• _DATA EXCERPTS_:

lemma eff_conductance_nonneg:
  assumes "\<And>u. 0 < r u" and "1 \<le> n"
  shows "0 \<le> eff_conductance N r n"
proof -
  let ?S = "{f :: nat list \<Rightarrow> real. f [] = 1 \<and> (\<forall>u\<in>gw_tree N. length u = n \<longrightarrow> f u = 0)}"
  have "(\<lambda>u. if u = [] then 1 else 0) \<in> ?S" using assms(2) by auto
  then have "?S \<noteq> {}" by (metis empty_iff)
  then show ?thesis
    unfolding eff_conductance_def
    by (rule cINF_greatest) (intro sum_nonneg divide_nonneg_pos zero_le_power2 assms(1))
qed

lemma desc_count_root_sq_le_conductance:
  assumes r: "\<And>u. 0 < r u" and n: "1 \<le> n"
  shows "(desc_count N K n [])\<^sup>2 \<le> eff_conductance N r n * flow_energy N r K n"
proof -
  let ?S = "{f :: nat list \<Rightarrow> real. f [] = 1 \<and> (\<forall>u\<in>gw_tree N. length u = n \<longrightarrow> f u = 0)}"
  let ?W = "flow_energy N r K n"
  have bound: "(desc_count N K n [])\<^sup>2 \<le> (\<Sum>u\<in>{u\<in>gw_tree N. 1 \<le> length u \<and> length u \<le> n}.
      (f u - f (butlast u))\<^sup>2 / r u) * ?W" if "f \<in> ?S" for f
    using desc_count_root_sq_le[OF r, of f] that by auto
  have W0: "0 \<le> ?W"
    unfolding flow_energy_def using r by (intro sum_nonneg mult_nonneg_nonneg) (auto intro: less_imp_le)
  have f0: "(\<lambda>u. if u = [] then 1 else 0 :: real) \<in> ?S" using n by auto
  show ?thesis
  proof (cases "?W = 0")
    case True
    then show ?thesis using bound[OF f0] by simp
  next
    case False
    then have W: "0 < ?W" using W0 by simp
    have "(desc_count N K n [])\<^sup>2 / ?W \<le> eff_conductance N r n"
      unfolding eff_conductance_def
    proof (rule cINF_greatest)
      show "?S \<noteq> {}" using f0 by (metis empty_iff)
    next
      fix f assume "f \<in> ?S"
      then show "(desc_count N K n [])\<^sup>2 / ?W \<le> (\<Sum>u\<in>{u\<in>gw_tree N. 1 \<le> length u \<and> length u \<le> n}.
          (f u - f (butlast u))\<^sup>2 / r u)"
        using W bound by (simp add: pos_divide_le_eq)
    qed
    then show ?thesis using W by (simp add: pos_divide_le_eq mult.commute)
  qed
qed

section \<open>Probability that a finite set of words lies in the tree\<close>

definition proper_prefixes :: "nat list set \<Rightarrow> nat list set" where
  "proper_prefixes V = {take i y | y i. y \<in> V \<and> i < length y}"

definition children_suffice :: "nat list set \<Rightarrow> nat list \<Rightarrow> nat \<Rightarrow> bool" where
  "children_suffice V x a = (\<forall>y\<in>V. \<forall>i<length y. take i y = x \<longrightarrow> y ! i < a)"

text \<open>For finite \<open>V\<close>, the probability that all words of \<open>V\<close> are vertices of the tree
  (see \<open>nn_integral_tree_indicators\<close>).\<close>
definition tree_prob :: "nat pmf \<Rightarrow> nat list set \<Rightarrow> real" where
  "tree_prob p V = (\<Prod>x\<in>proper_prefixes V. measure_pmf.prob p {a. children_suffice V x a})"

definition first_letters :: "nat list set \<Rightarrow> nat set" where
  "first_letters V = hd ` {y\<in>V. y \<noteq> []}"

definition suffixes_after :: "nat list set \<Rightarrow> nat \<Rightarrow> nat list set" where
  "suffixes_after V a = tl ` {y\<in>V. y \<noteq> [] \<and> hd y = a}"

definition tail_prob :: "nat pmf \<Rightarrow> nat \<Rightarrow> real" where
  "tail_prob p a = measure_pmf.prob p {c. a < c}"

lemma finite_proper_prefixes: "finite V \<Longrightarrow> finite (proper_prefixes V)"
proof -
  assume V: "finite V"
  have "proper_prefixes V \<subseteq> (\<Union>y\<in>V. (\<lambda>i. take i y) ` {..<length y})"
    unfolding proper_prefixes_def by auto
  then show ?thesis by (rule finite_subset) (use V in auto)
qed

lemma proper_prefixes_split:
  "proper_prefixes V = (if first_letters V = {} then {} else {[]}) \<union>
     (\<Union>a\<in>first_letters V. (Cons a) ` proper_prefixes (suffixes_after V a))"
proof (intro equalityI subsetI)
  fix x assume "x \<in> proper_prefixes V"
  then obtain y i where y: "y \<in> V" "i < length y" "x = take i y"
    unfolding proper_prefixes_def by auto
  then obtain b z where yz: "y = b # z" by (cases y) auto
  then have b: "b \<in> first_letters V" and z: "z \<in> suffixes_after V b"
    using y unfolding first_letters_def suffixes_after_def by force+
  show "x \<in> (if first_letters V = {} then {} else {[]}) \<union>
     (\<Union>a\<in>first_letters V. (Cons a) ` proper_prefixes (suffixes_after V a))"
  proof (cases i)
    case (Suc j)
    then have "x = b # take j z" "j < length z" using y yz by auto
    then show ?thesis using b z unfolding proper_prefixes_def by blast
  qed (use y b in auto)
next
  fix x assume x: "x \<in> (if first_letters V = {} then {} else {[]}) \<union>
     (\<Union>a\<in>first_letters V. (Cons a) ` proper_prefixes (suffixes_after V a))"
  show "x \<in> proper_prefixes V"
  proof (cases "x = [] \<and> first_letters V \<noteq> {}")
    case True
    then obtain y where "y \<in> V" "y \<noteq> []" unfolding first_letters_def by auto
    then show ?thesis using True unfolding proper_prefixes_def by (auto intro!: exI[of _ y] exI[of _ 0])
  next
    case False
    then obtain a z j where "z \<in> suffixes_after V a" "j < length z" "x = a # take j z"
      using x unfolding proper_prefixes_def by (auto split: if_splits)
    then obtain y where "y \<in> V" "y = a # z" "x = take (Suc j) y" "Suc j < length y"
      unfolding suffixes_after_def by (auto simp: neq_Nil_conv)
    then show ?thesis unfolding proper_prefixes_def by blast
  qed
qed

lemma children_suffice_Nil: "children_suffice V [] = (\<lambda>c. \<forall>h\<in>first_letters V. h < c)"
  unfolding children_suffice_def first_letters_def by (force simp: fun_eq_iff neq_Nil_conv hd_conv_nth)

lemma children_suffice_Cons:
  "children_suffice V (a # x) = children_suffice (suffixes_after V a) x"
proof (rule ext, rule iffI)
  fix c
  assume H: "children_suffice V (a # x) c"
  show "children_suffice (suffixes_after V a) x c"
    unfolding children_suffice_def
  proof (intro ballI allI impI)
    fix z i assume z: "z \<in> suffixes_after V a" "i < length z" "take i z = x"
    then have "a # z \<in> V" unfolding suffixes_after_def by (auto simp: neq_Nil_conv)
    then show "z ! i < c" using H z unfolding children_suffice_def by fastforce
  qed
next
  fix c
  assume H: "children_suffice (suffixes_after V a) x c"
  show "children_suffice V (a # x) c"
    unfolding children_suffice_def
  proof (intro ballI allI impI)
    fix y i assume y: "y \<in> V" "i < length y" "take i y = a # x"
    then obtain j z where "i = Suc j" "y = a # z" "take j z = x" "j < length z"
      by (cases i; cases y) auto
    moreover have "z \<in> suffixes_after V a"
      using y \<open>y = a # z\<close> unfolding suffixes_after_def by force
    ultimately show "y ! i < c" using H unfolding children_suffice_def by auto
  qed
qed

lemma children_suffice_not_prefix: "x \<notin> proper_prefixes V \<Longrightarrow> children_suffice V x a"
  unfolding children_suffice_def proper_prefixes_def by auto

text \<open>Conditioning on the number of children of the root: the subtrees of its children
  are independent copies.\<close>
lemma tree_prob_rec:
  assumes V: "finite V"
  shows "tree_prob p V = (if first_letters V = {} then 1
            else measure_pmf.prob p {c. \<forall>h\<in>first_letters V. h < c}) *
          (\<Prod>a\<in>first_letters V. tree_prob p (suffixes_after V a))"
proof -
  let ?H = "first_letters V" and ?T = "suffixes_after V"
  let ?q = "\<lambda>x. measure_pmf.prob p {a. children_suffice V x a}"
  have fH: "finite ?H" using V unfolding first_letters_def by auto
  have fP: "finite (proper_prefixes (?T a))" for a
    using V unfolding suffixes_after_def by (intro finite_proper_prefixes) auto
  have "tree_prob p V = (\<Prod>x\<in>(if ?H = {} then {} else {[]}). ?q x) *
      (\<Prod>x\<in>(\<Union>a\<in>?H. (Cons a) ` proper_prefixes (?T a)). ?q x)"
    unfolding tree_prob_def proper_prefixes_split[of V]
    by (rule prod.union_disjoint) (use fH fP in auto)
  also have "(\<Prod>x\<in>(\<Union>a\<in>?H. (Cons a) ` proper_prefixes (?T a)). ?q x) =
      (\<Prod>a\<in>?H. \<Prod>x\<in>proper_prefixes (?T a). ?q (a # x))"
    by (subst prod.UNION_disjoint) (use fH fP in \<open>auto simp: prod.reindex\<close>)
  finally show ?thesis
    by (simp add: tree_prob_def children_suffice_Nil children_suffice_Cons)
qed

...

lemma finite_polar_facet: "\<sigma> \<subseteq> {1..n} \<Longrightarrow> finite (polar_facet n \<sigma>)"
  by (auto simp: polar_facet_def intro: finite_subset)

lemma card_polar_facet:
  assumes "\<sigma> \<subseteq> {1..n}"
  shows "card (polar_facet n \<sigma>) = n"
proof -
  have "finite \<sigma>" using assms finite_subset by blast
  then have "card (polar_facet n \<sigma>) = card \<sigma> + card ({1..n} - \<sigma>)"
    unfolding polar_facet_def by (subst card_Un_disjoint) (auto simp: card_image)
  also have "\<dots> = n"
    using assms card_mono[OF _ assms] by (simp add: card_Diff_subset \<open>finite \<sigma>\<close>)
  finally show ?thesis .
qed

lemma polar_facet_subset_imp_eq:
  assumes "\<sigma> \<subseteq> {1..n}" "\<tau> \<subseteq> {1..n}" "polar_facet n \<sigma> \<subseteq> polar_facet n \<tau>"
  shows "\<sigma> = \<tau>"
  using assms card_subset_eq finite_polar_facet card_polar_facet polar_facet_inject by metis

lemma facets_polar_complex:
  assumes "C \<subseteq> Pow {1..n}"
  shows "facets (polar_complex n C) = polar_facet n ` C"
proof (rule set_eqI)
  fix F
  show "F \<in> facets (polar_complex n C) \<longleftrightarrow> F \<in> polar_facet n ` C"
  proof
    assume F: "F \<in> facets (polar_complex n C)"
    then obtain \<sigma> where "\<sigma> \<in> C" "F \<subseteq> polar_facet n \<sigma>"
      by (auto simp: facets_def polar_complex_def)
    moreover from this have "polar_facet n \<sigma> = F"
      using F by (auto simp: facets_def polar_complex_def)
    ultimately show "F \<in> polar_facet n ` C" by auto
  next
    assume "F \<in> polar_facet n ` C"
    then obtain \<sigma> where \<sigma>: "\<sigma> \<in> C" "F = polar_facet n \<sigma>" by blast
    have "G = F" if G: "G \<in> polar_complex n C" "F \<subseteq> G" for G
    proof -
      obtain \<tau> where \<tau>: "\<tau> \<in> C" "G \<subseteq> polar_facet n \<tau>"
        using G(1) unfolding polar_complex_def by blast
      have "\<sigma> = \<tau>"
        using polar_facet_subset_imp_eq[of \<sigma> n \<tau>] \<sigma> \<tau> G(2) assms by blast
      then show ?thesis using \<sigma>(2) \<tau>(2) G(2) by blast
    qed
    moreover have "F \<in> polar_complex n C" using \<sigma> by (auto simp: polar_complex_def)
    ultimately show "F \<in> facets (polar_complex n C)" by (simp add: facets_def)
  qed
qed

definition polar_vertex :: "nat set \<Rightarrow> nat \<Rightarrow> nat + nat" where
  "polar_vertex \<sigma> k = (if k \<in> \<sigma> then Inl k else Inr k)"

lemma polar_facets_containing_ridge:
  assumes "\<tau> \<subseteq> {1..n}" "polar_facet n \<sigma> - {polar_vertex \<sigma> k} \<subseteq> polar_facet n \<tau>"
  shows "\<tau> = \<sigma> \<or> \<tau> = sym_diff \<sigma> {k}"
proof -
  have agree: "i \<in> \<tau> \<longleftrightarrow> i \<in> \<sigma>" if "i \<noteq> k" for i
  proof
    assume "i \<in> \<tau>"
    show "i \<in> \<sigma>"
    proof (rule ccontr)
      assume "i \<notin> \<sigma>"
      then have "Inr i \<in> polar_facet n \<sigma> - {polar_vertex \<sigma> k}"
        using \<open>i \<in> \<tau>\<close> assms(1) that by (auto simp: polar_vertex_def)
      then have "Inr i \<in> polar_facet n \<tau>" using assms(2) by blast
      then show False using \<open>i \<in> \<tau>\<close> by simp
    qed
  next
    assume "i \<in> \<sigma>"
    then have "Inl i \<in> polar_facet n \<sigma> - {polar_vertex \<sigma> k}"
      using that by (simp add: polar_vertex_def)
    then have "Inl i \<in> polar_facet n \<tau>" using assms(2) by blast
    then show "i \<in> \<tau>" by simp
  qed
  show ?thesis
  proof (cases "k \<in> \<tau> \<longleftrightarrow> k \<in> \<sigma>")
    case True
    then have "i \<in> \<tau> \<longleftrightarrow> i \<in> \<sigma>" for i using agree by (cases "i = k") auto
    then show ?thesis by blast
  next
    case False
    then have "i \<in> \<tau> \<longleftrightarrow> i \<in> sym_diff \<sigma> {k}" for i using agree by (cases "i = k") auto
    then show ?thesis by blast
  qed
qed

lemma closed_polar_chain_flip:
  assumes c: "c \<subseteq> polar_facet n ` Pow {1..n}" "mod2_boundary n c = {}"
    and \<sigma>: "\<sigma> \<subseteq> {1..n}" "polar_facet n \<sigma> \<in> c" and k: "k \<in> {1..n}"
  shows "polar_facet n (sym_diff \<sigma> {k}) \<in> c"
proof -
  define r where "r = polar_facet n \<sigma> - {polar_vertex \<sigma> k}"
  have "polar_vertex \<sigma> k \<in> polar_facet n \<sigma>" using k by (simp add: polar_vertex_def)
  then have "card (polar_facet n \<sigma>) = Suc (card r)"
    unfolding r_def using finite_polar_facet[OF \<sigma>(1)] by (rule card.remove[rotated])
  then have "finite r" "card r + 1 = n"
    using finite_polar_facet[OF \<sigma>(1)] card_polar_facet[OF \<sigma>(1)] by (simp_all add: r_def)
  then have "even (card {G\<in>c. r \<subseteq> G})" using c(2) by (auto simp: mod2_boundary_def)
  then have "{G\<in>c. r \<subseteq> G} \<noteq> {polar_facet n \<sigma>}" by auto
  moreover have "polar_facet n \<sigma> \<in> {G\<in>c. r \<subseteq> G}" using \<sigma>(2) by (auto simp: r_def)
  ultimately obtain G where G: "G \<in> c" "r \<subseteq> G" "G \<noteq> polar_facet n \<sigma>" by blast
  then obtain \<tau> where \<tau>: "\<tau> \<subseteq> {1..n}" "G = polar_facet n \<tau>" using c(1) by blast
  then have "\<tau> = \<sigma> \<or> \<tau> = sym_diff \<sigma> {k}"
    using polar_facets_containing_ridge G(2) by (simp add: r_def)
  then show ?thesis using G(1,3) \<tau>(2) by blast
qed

--

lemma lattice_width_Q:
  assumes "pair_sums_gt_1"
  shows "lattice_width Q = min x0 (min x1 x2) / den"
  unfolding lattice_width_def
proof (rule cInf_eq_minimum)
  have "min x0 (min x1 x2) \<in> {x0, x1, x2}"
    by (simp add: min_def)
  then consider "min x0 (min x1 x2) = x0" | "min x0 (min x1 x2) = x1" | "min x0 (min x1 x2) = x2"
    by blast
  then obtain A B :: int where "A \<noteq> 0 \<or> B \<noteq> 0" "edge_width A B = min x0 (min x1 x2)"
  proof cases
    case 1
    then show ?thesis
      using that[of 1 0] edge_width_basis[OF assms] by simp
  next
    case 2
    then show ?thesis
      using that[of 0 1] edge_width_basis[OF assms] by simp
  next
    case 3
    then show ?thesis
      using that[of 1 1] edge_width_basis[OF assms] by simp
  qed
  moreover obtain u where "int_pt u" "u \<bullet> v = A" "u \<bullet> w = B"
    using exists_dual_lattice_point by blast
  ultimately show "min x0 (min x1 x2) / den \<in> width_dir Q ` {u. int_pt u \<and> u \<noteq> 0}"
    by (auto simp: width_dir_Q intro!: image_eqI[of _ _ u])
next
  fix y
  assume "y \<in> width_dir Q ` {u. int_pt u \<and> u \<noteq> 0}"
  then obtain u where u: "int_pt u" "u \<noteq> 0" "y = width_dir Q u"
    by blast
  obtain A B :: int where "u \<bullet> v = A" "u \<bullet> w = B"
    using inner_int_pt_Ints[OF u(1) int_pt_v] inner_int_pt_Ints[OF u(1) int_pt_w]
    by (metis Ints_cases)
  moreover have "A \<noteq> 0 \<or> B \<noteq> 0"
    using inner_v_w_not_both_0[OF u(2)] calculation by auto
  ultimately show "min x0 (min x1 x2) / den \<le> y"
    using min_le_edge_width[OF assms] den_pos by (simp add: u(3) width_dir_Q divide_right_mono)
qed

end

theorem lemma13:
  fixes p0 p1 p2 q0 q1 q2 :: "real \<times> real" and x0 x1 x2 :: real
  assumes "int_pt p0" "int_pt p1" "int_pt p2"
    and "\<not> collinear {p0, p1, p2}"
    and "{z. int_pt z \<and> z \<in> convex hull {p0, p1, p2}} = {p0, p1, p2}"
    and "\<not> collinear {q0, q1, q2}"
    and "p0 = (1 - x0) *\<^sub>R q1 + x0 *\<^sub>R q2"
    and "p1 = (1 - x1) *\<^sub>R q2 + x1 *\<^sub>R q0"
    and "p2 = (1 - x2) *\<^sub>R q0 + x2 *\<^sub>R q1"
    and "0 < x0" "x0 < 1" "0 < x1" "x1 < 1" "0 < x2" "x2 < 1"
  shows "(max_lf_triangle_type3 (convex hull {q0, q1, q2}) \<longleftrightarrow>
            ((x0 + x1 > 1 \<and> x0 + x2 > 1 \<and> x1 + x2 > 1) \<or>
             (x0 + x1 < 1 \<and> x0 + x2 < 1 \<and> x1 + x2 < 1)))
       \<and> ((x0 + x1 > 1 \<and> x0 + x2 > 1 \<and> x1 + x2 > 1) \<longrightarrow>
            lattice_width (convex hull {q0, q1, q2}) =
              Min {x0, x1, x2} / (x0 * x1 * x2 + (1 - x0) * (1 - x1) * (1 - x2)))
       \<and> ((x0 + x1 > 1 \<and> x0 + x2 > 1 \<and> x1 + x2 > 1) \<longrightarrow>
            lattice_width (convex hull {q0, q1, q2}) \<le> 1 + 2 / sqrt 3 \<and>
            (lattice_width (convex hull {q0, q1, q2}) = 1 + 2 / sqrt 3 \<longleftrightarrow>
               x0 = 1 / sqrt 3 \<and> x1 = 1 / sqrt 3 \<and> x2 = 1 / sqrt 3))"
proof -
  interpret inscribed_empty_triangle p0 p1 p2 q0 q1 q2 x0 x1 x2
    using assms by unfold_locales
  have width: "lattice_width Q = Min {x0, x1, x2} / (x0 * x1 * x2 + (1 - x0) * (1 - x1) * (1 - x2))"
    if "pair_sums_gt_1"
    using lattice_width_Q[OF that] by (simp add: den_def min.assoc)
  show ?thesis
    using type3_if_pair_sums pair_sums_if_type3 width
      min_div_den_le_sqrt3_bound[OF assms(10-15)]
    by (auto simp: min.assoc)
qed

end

• _TASK_:
Which lines of the entries above contain the word "collinear"? Copy each of them.

• _OUTPUT_:
    and "\<not> collinear {p0, p1, p2}"
    and "\<not> collinear {q0, q1, q2}"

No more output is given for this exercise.